Before Watts and Strogatz published their paper, the archetypical network-generation algorithms were based on construction processes such as those described by the Erdös–Rényi model2. These processes are characterized by a lack of knowledge of the principles that guide the creation of connections (edges) between nodes in networks, and make the simple assumption that pairs of nodes can be connected at random with a given connection probability. Such a process generates random networks, in which the average path length between any two nodes in the network — measured as the smallest number of edges needed to connect the nodes — scales as the logarithm of the total number of nodes. In other words, randomness is sufficient to explain the small-world phenomenon popularized as ‘six degrees of separation’3,4: the idea that everyone in the world is connected to everyone else through a chain of, at most, six mutual acquaintances.
However, random construction fell short of capturing the local cliquishness of nodes observed in real-world networks. Cliquishness is measured quantitatively by the clustering coefficient of a node, which is defined as the ratio of the number of links between a node’s neighbours and the maximum number of such links. In real-world networks, node clustering is clearly exemplified by the axiom ‘the friends of my friends are my friends’: the probability of three people being friends with each other in a social network, for example, is generally much higher than would be predicted by a model network constructed using the simple, stochastic process.
To overcome the dichotomy between randomness and cliquishness, Watts and Strogatz proposed a model whose starting point is a regular network that has a large clustering coefficient. Stochasticity is then introduced by allowing links to be rewired at random between nodes, with a fixed probability of rewiring (p) for all links.

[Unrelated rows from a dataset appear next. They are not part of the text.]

(* The 2+2 t-warped (respectively, s-warped) spacetimes are exactly the spacetimes conformal to a 2+2 product of class $\binom10$ (respectively, $\binom01$).
   Context: A spacetime is a 4-dimensional oriented Lorentzian manifold $(M,g)$ of signature $(-,+,+,+)$; statements are local. $g$ is conformal to a 2+2 product if $g = e^{2\lambda}(\hat v+\hat h)$ where in suitable local coordinates $\hat v = \hat v_{ij}(x^1,x^2)dx^idx^j$ is a 2-dimensional Lorentzian metric and $\hat h = \hat h_{AB}(x^3,x^4)dx^Adx^B$ a 2-dimensional Riemannian metric. A 2+2 t-warped spacetime has (locally) $g = e^{2\lambda}\hat v + h$ with $\hat v$ a 2-dimensional Lorentzian metric in $(x^1,x^2)$, $h$ a 2-dimensional Riemannian metric in $(x^3,x^4)$, and $\lambda$ a non-constant function of $(x^3,x^4)$ only; a 2+2 s-warped spacetime has $g = v + e^{2\lambda}\hat h$ with $v$ Lorentzian in $(x^1,x^2)$, $\hat h$ Riemannian in $(x^3,x^4)$, $\lambda$ a non-constant function of $(x^1,x^2)$ only. For a metric conformal to a 2+2 product, the principal planes are the time-like plane $V$ tangent to the $\hat v$-factor, with $g$-orthogonal projector $v$, and its orthogonal space-like plane $H$ with projector $h=g-v$. With $Q_v(x,y) = h(\nabla_{v(x)}v(y))$, symmetric part $S_v$, and trace $\tr S_v = g^{\alpha\beta}S_v(e_\alpha,e_\beta)$, $V$ is minimal iff $\tr S_v=0$; analogously for $H$. Class $\binom10$: $H$ minimal and $V$ not; class $\binom01$: $V$ minimal and $H$ not. *)

theory Defs
  imports "HOL-Analysis.Analysis"
begin

(* Local coordinate model: points of a coordinate patch are vectors in real^4,
   coordinate indices are 1,2,3,4 :: 4 (x^1,x^2 span the Lorentzian factor). *)

definition pdx :: "4 \<Rightarrow> (real^4 \<Rightarrow> 'b::real_normed_vector) \<Rightarrow> real^4 \<Rightarrow> 'b" where
  "pdx i f x = frechet_derivative f (at x) (axis i 1)"

fun Ck_on :: "nat \<Rightarrow> (real^4) set \<Rightarrow> (real^4 \<Rightarrow> real) \<Rightarrow> bool" where
  "Ck_on 0 D f = continuous_on D f"
| "Ck_on (Suc k) D f = ((\<forall>x\<in>D. f differentiable (at x)) \<and> (\<forall>i. Ck_on k D (pdx i f)))"

definition smooth_fun :: "(real^4) set \<Rightarrow> (real^4 \<Rightarrow> real) \<Rightarrow> bool" where
  "smooth_fun D f = (\<forall>k. Ck_on k D f)"

definition smooth_vec :: "(real^4) set \<Rightarrow> (real^4 \<Rightarrow> real^4) \<Rightarrow> bool" where
  "smooth_vec D F = (\<forall>k. smooth_fun D (\<lambda>x. F x $ k))"

definition smooth_mat :: "(real^4) set \<Rightarrow> (real^4 \<Rightarrow> real^4^4) \<Rightarrow> bool" where
  "smooth_mat D A = (\<forall>a b. smooth_fun D (\<lambda>x. A x $ a $ b))"

definition bil :: "real^4^4 \<Rightarrow> real^4 \<Rightarrow> real^4 \<Rightarrow> real" where
  "bil A u w = u \<bullet> (A *v w)"

definition eta4 :: "4 \<Rightarrow> 4 \<Rightarrow> real" where
  "eta4 a b = (if a = b then (if a = 1 then -1 else 1) else 0)"

definition lorentzian4 :: "real^4^4 \<Rightarrow> bool" where
  "lorentzian4 A = (transpose A = A \<and> (\<exists>e::4 \<Rightarrow> real^4. \<forall>a b. bil A (e a) (e b) = eta4 a b))"

definition Vidx :: "4 set" where "Vidx = {1, 2}"
definition Hidx :: "4 set" where "Hidx = {3, 4}"

definition coord_plane :: "4 set \<Rightarrow> (real^4) set" where
  "coord_plane S = span ((\<lambda>i. axis i (1::real)) ` S)"

definition block :: "4 set \<Rightarrow> real^4^4 \<Rightarrow> bool" where
  "block S A = (\<forall>a b. a \<notin> S \<or> b \<notin> S \<longrightarrow> A $ a $ b = 0)"

definition lorentzian2 :: "4 set \<Rightarrow> real^4^4 \<Rightarrow> bool" where
  "lorentzian2 S A = (transpose A = A \<and> (\<exists>u w. u \<in> coord_plane S \<and> w \<in> coord_plane S \<and>
      bil A u u = -1 \<and> bil A w w = 1 \<and> bil A u w = 0))"

definition riemannian2 :: "4 set \<Rightarrow> real^4^4 \<Rightarrow> bool" where
  "riemannian2 S A = (transpose A = A \<and> (\<exists>u w. u \<in> coord_plane S \<and> w \<in> coord_plane S \<and>
      bil A u u = 1 \<and> bil A w w = 1 \<and> bil A u w = 0))"

definition dep12 :: "(real^4) set \<Rightarrow> (real^4 \<Rightarrow> 'b) \<Rightarrow> bool" where
  "dep12 D f = (\<exists>F. \<forall>x\<in>D. f x = F (x $ 1) (x $ 2))"

definition dep34 :: "(real^4) set \<Rightarrow> (real^4 \<Rightarrow> 'b) \<Rightarrow> bool" where
  "dep34 D f = (\<exists>F. \<forall>x\<in>D. f x = F (x $ 3) (x $ 4))"

definition product_domain :: "(real^4) set \<Rightarrow> bool" where
  "product_domain D = (\<exists>A B :: (real \<times> real) set. open A \<and> connected A \<and> open B \<and> connected B \<and>
      D = {x. (x $ 1, x $ 2) \<in> A \<and> (x $ 3, x $ 4) \<in> B})"

definition spacetime :: "(real^4) set \<Rightarrow> (real^4 \<Rightarrow> real^4^4) \<Rightarrow> bool" where
  "spacetime U G = (open U \<and> smooth_mat U G \<and> (\<forall>x\<in>U. lorentzian4 (G x)))"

By tuning p, the model effectively interpolates between a regular lattice (p → 0) and a completely random network (p → 1).
At very small p values, the resulting network is a regular lattice and therefore has a high clustering coefficient. However, even at small p, short cuts appear between distant nodes in the lattice, dramatically reducing the average shortest path length (Fig. 1). Watts and Strogatz showed that, depending on the number of nodes5, it is possible to find networks that have a large clustering coefficient and short average distances between nodes for a broad range of p values, thus reconciling the small-world phenomenon with network cliquishness.
Watts and Strogatz’s model was initially regarded simply as the explanation for six degrees of separation. But possibly its most important impact was to pave the way for studies of the effect of network structure on a wide range of dynamic phenomena. Another paper was also pivotal: in 1999, Barabási and Albert proposed the ‘preferential-attachment’ network model6, which highlighted that the probability distribution describing the number of connections that form between nodes in real-world networks is often characterized by ‘heavy-tailed’ distributions, instead of the Poisson distribution predicted by random networks. The broad spectrum of emergent behaviour and phase transitions encapsulated in networks that have clustered connectedness (as in Watts and Strogatz’s model) and heterogeneous connectedness (as in the preferential-attachment model) attracted the attention of scientists from many fields.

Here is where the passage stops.